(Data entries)

──────────────────────────────

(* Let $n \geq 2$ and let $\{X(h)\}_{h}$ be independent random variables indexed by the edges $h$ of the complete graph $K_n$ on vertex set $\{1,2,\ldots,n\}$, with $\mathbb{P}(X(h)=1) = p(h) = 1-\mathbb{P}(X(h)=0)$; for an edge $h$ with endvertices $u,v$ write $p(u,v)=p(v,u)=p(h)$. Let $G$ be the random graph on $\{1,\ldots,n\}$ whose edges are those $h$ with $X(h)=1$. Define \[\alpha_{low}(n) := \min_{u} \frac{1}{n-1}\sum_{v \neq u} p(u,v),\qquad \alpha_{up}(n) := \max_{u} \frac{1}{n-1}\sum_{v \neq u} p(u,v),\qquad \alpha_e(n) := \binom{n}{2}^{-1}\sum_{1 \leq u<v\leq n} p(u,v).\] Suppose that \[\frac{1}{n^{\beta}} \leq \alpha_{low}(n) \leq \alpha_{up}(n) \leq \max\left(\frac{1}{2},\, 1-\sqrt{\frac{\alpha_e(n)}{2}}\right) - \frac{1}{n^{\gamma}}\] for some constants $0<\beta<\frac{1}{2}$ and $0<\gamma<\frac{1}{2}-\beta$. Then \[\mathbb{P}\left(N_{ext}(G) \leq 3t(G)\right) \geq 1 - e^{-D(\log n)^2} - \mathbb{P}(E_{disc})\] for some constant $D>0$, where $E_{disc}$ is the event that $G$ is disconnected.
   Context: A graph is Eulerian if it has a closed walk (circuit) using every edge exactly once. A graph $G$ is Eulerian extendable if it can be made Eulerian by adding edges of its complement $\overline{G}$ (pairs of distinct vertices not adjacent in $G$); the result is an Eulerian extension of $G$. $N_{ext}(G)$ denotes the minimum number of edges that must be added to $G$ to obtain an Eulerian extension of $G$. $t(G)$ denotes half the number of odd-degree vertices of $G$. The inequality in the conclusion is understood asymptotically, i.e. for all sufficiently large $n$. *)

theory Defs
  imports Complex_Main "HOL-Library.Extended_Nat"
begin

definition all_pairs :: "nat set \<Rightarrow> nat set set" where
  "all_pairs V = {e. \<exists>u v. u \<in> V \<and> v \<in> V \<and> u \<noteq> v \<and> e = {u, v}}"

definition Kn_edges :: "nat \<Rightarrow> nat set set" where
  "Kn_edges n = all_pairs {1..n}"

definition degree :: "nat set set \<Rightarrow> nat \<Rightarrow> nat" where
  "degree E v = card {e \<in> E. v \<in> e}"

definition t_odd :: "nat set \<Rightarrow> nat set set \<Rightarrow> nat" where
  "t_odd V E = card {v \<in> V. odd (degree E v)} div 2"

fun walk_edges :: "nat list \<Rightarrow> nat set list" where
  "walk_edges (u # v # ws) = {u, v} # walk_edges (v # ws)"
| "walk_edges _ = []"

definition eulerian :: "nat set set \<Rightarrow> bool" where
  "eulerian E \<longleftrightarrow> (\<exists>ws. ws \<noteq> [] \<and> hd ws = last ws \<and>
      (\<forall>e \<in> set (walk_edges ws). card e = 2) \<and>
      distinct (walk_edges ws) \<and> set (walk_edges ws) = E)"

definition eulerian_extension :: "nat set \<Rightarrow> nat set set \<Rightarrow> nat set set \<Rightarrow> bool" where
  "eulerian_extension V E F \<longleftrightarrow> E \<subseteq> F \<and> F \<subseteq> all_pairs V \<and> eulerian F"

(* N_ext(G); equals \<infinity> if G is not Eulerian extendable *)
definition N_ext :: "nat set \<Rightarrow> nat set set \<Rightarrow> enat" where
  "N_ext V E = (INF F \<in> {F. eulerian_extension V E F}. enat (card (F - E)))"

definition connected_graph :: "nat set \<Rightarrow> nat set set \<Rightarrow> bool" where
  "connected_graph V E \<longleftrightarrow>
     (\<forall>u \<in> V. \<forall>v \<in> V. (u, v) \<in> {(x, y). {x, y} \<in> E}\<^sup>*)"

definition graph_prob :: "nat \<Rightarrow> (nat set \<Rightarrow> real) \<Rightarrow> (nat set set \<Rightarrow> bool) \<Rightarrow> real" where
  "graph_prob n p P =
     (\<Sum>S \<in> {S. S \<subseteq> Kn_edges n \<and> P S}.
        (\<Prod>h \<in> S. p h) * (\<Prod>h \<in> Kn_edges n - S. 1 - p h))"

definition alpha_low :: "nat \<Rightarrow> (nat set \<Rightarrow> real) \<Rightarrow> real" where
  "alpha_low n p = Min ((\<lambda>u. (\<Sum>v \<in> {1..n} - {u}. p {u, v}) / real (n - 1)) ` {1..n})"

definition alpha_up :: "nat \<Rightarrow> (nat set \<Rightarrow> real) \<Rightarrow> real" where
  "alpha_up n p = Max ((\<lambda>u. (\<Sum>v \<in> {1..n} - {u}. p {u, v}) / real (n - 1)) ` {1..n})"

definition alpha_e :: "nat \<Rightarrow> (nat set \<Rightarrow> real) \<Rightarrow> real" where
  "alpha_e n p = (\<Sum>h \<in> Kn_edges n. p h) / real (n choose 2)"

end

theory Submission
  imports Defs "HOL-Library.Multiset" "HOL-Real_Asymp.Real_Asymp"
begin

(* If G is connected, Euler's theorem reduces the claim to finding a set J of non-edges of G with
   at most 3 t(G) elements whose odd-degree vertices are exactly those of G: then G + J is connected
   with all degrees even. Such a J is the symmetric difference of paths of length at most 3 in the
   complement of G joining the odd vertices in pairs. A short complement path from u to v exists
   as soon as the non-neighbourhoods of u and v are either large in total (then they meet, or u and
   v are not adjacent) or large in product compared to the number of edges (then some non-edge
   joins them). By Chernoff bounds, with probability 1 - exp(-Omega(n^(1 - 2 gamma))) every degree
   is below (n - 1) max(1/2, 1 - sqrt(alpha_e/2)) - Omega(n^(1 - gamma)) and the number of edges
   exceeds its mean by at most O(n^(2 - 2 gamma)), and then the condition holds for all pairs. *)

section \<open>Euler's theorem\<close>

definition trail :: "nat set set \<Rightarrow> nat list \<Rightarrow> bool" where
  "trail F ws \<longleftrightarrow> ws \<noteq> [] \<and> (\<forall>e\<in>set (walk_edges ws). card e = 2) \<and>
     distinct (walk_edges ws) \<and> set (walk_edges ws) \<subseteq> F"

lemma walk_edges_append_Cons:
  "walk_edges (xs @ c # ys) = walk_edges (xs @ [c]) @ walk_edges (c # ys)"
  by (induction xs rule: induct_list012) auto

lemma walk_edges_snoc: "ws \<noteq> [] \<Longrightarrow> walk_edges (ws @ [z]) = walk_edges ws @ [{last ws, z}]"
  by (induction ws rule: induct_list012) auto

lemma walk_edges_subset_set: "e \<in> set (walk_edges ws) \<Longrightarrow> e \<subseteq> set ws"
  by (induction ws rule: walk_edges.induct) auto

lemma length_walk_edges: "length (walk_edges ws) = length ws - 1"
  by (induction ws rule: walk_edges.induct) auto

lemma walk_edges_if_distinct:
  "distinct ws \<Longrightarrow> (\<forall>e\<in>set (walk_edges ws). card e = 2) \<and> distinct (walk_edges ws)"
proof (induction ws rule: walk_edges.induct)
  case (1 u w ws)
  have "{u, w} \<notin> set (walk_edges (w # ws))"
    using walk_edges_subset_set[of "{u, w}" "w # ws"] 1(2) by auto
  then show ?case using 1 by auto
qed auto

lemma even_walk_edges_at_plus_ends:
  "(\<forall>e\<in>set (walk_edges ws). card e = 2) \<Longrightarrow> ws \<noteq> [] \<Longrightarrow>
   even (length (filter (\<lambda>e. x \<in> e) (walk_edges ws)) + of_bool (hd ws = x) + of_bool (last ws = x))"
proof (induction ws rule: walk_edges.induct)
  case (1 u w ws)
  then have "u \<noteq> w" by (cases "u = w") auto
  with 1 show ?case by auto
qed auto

──────────────────────────────

◆ **INSTRUCTIONS FOR THE TASK**:
Among the lines above, find the ones containing "have" and copy them.

◆ **REPLY TO THE TASK**:
  have "{u, w} \<notin> set (walk_edges (w # ws))"
  then have "u \<noteq> w" by (cases "u = w") auto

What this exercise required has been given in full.